- _Given data_
(* Let $X$ be a group and $B$ a left $X$-group. The assignment $[q]\mapsto[(q\circ\iota_X)^{-1}]$, where $(q\circ\iota_X)^{-1}(x)=(q(\iota_X(x)))^{-1}$, is a well-defined isomorphism of pointed sets $$\mathsf{Desc}^1(\mathsf T^l_{\iota_B},((B,m_B),p_B))\cong\mathcal H^1(X,B),$$ and there is an isomorphism of groups $\mathsf{Desc}^0(\mathsf T^l_{\iota_B},((B,m_B),p_B))\cong\mathcal H^0(X,B)$. In particular these coincide with Serre's non-abelian cohomology $H^1(X,B)$ and $H^0(X,B)$.
   Context: A left $X$-group is a group $B$ with $\star:X\times B\to B$ satisfying $1_X\star b=b$, $(x_1x_2)\star b=x_1\star(x_2\star b)$, $x\star(b_1b_2)=(x\star b_1)(x\star b_2)$. $B\rtimes X$ is the group on $B\times X$ with $(b_1,x_1)(b_2,x_2)=(b_1(x_1\star b_2),x_1x_2)$; $\iota_B(b)=(b,1_X)$, $\iota_X(x)=(1_B,x)$, $p_B(b,x)=b$. $\mathcal H^0(X,B)=\{b: x\star b=b\ \forall x\}$; a 1-cocycle is $r:X\to B$ with $r(x_1x_2)=r(x_1)(x_1\star r(x_2))$; $r\sim r'$ iff $r(x)(x\star b_0)=b_0r'(x)$ for some $b_0\in B$ and all $x$; $\mathcal H^1(X,B)$ is the set of classes, pointed by the class of the trivial cocycle. $\mathcal Z^1(\mathsf T^l_{\iota_B},(B,m_B))$ is the set of maps $q:B\rtimes X\to B$ with (ZL1) $q(1)=1_B$, (ZL2) $q(\iota_B(b)a)=b\,q(a)$, (ZL3) $q(aa')=q(a\,\iota_B(q(a')))$ (algebra structures on the left $B$-set $B$ for the monad $(B\rtimes X)\otimes_B-$), pointed by $p_B$; $\mathsf{Desc}^1(\mathsf T^l_{\iota_B},((B,m_B),p_B))$ is its quotient by $q\sim q'$ iff $q(a)b_0=q'(a\,\iota_B(b_0))$ for some $b_0\in B$ and all $a$, pointed by $[p_B]$; $\mathsf{Desc}^0$ is the automorphism group of the algebra $((B,m_B),p_B)$, i.e. the group of maps $b\mapsto bb_0$ with $p_B(a\,\iota_B(b_0))=p_B(a)b_0$ for all $a$, under composition. *)

theory Defs
  imports "HOL-Algebra.Group" "HOL-Library.FuncSet"
begin

definition left_X_group ::
  "('x,'c) monoid_scheme \<Rightarrow> ('b,'d) monoid_scheme \<Rightarrow> ('x \<Rightarrow> 'b \<Rightarrow> 'b) \<Rightarrow> bool" where
  "left_X_group X B act \<longleftrightarrow> group X \<and> group B \<and>
     (\<forall>x\<in>carrier X. \<forall>b\<in>carrier B. act x b \<in> carrier B) \<and>
     (\<forall>b\<in>carrier B. act \<one>\<^bsub>X\<^esub> b = b) \<and>
     (\<forall>x1\<in>carrier X. \<forall>x2\<in>carrier X. \<forall>b\<in>carrier B.
         act (x1 \<otimes>\<^bsub>X\<^esub> x2) b = act x1 (act x2 b)) \<and>
     (\<forall>x\<in>carrier X. \<forall>b1\<in>carrier B. \<forall>b2\<in>carrier B.
         act x (b1 \<otimes>\<^bsub>B\<^esub> b2) = act x b1 \<otimes>\<^bsub>B\<^esub> act x b2)"

definition sdp ::
  "('x,'c) monoid_scheme \<Rightarrow> ('b,'d) monoid_scheme \<Rightarrow> ('x \<Rightarrow> 'b \<Rightarrow> 'b) \<Rightarrow> ('b \<times> 'x) monoid" where
  "sdp X B act = \<lparr> carrier = carrier B \<times> carrier X,
     mult = (\<lambda>(b1,x1) (b2,x2). (b1 \<otimes>\<^bsub>B\<^esub> act x1 b2, x1 \<otimes>\<^bsub>X\<^esub> x2)),
     one = (\<one>\<^bsub>B\<^esub>, \<one>\<^bsub>X\<^esub>) \<rparr>"

definition iota_B :: "('x,'c) monoid_scheme \<Rightarrow> 'b \<Rightarrow> 'b \<times> 'x" where
  "iota_B X b = (b, \<one>\<^bsub>X\<^esub>)"

definition iota_X :: "('b,'d) monoid_scheme \<Rightarrow> 'x \<Rightarrow> 'b \<times> 'x" where
  "iota_X B x = (\<one>\<^bsub>B\<^esub>, x)"

definition p_B ::
  "('x,'c) monoid_scheme \<Rightarrow> ('b,'d) monoid_scheme \<Rightarrow> ('x \<Rightarrow> 'b \<Rightarrow> 'b) \<Rightarrow> 'b \<times> 'x \<Rightarrow> 'b" where
  "p_B X B act = restrict fst (carrier (sdp X B act))"

definition H0 ::
  "('x,'c) monoid_scheme \<Rightarrow> ('b,'d) monoid_scheme \<Rightarrow> ('x \<Rightarrow> 'b \<Rightarrow> 'b) \<Rightarrow> 'b set" where
  "H0 X B act = {b \<in> carrier B. \<forall>x\<in>carrier X. act x b = b}"

definition H0_group ::
  "('x,'c) monoid_scheme \<Rightarrow> ('b,'d) monoid_scheme \<Rightarrow> ('x \<Rightarrow> 'b \<Rightarrow> 'b) \<Rightarrow> ('b,'d) monoid_scheme" where
  "H0_group X B act = B\<lparr>carrier := H0 X B act\<rparr>"

definition Z1 ::
  "('x,'c) monoid_scheme \<Rightarrow> ('b,'d) monoid_scheme \<Rightarrow> ('x \<Rightarrow> 'b \<Rightarrow> 'b) \<Rightarrow> ('x \<Rightarrow> 'b) set" where
  "Z1 X B act = {r \<in> carrier X \<rightarrow>\<^sub>E carrier B.
     \<forall>x1\<in>carrier X. \<forall>x2\<in>carrier X.
        r (x1 \<otimes>\<^bsub>X\<^esub> x2) = r x1 \<otimes>\<^bsub>B\<^esub> act x1 (r x2)}"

- _Exercise goal_
One exact transcript of the whole listing is the expected answer.

- _Exercise answer_
(* Let $X$ be a group and $B$ a left $X$-group. The assignment $[q]\mapsto[(q\circ\iota_X)^{-1}]$, where $(q\circ\iota_X)^{-1}(x)=(q(\iota_X(x)))^{-1}$, is a well-defined isomorphism of pointed sets $$\mathsf{Desc}^1(\mathsf T^l_{\iota_B},((B,m_B),p_B))\cong\mathcal H^1(X,B),$$ and there is an isomorphism of groups $\mathsf{Desc}^0(\mathsf T^l_{\iota_B},((B,m_B),p_B))\cong\mathcal H^0(X,B)$. In particular these coincide with Serre's non-abelian cohomology $H^1(X,B)$ and $H^0(X,B)$.
   Context: A left $X$-group is a group $B$ with $\star:X\times B\to B$ satisfying $1_X\star b=b$, $(x_1x_2)\star b=x_1\star(x_2\star b)$, $x\star(b_1b_2)=(x\star b_1)(x\star b_2)$. $B\rtimes X$ is the group on $B\times X$ with $(b_1,x_1)(b_2,x_2)=(b_1(x_1\star b_2),x_1x_2)$; $\iota_B(b)=(b,1_X)$, $\iota_X(x)=(1_B,x)$, $p_B(b,x)=b$. $\mathcal H^0(X,B)=\{b: x\star b=b\ \forall x\}$; a 1-cocycle is $r:X\to B$ with $r(x_1x_2)=r(x_1)(x_1\star r(x_2))$; $r\sim r'$ iff $r(x)(x\star b_0)=b_0r'(x)$ for some $b_0\in B$ and all $x$; $\mathcal H^1(X,B)$ is the set of classes, pointed by the class of the trivial cocycle. $\mathcal Z^1(\mathsf T^l_{\iota_B},(B,m_B))$ is the set of maps $q:B\rtimes X\to B$ with (ZL1) $q(1)=1_B$, (ZL2) $q(\iota_B(b)a)=b\,q(a)$, (ZL3) $q(aa')=q(a\,\iota_B(q(a')))$ (algebra structures on the left $B$-set $B$ for the monad $(B\rtimes X)\otimes_B-$), pointed by $p_B$; $\mathsf{Desc}^1(\mathsf T^l_{\iota_B},((B,m_B),p_B))$ is its quotient by $q\sim q'$ iff $q(a)b_0=q'(a\,\iota_B(b_0))$ for some $b_0\in B$ and all $a$, pointed by $[p_B]$; $\mathsf{Desc}^0$ is the automorphism group of the algebra $((B,m_B),p_B)$, i.e. the group of maps $b\mapsto bb_0$ with $p_B(a\,\iota_B(b_0))=p_B(a)b_0$ for all $a$, under composition. *)

theory Defs
  imports "HOL-Algebra.Group" "HOL-Library.FuncSet"
begin

definition left_X_group ::
  "('x,'c) monoid_scheme \<Rightarrow> ('b,'d) monoid_scheme \<Rightarrow> ('x \<Rightarrow> 'b \<Rightarrow> 'b) \<Rightarrow> bool" where
  "left_X_group X B act \<longleftrightarrow> group X \<and> group B \<and>
     (\<forall>x\<in>carrier X. \<forall>b\<in>carrier B. act x b \<in> carrier B) \<and>
     (\<forall>b\<in>carrier B. act \<one>\<^bsub>X\<^esub> b = b) \<and>
     (\<forall>x1\<in>carrier X. \<forall>x2\<in>carrier X. \<forall>b\<in>carrier B.
         act (x1 \<otimes>\<^bsub>X\<^esub> x2) b = act x1 (act x2 b)) \<and>
     (\<forall>x\<in>carrier X. \<forall>b1\<in>carrier B. \<forall>b2\<in>carrier B.
         act x (b1 \<otimes>\<^bsub>B\<^esub> b2) = act x b1 \<otimes>\<^bsub>B\<^esub> act x b2)"

definition sdp ::
  "('x,'c) monoid_scheme \<Rightarrow> ('b,'d) monoid_scheme \<Rightarrow> ('x \<Rightarrow> 'b \<Rightarrow> 'b) \<Rightarrow> ('b \<times> 'x) monoid" where
  "sdp X B act = \<lparr> carrier = carrier B \<times> carrier X,
     mult = (\<lambda>(b1,x1) (b2,x2). (b1 \<otimes>\<^bsub>B\<^esub> act x1 b2, x1 \<otimes>\<^bsub>X\<^esub> x2)),
     one = (\<one>\<^bsub>B\<^esub>, \<one>\<^bsub>X\<^esub>) \<rparr>"

definition iota_B :: "('x,'c) monoid_scheme \<Rightarrow> 'b \<Rightarrow> 'b \<times> 'x" where
  "iota_B X b = (b, \<one>\<^bsub>X\<^esub>)"

definition iota_X :: "('b,'d) monoid_scheme \<Rightarrow> 'x \<Rightarrow> 'b \<times> 'x" where
  "iota_X B x = (\<one>\<^bsub>B\<^esub>, x)"

definition p_B ::
  "('x,'c) monoid_scheme \<Rightarrow> ('b,'d) monoid_scheme \<Rightarrow> ('x \<Rightarrow> 'b \<Rightarrow> 'b) \<Rightarrow> 'b \<times> 'x \<Rightarrow> 'b" where
  "p_B X B act = restrict fst (carrier (sdp X B act))"

definition H0 ::
  "('x,'c) monoid_scheme \<Rightarrow> ('b,'d) monoid_scheme \<Rightarrow> ('x \<Rightarrow> 'b \<Rightarrow> 'b) \<Rightarrow> 'b set" where
  "H0 X B act = {b \<in> carrier B. \<forall>x\<in>carrier X. act x b = b}"

definition H0_group ::
  "('x,'c) monoid_scheme \<Rightarrow> ('b,'d) monoid_scheme \<Rightarrow> ('x \<Rightarrow> 'b \<Rightarrow> 'b) \<Rightarrow> ('b,'d) monoid_scheme" where
  "H0_group X B act = B\<lparr>carrier := H0 X B act\<rparr>"

definition Z1 ::
  "('x,'c) monoid_scheme \<Rightarrow> ('b,'d) monoid_scheme \<Rightarrow> ('x \<Rightarrow> 'b \<Rightarrow> 'b) \<Rightarrow> ('x \<Rightarrow> 'b) set" where
  "Z1 X B act = {r \<in> carrier X \<rightarrow>\<^sub>E carrier B.
     \<forall>x1\<in>carrier X. \<forall>x2\<in>carrier X.
        r (x1 \<otimes>\<^bsub>X\<^esub> x2) = r x1 \<otimes>\<^bsub>B\<^esub> act x1 (r x2)}"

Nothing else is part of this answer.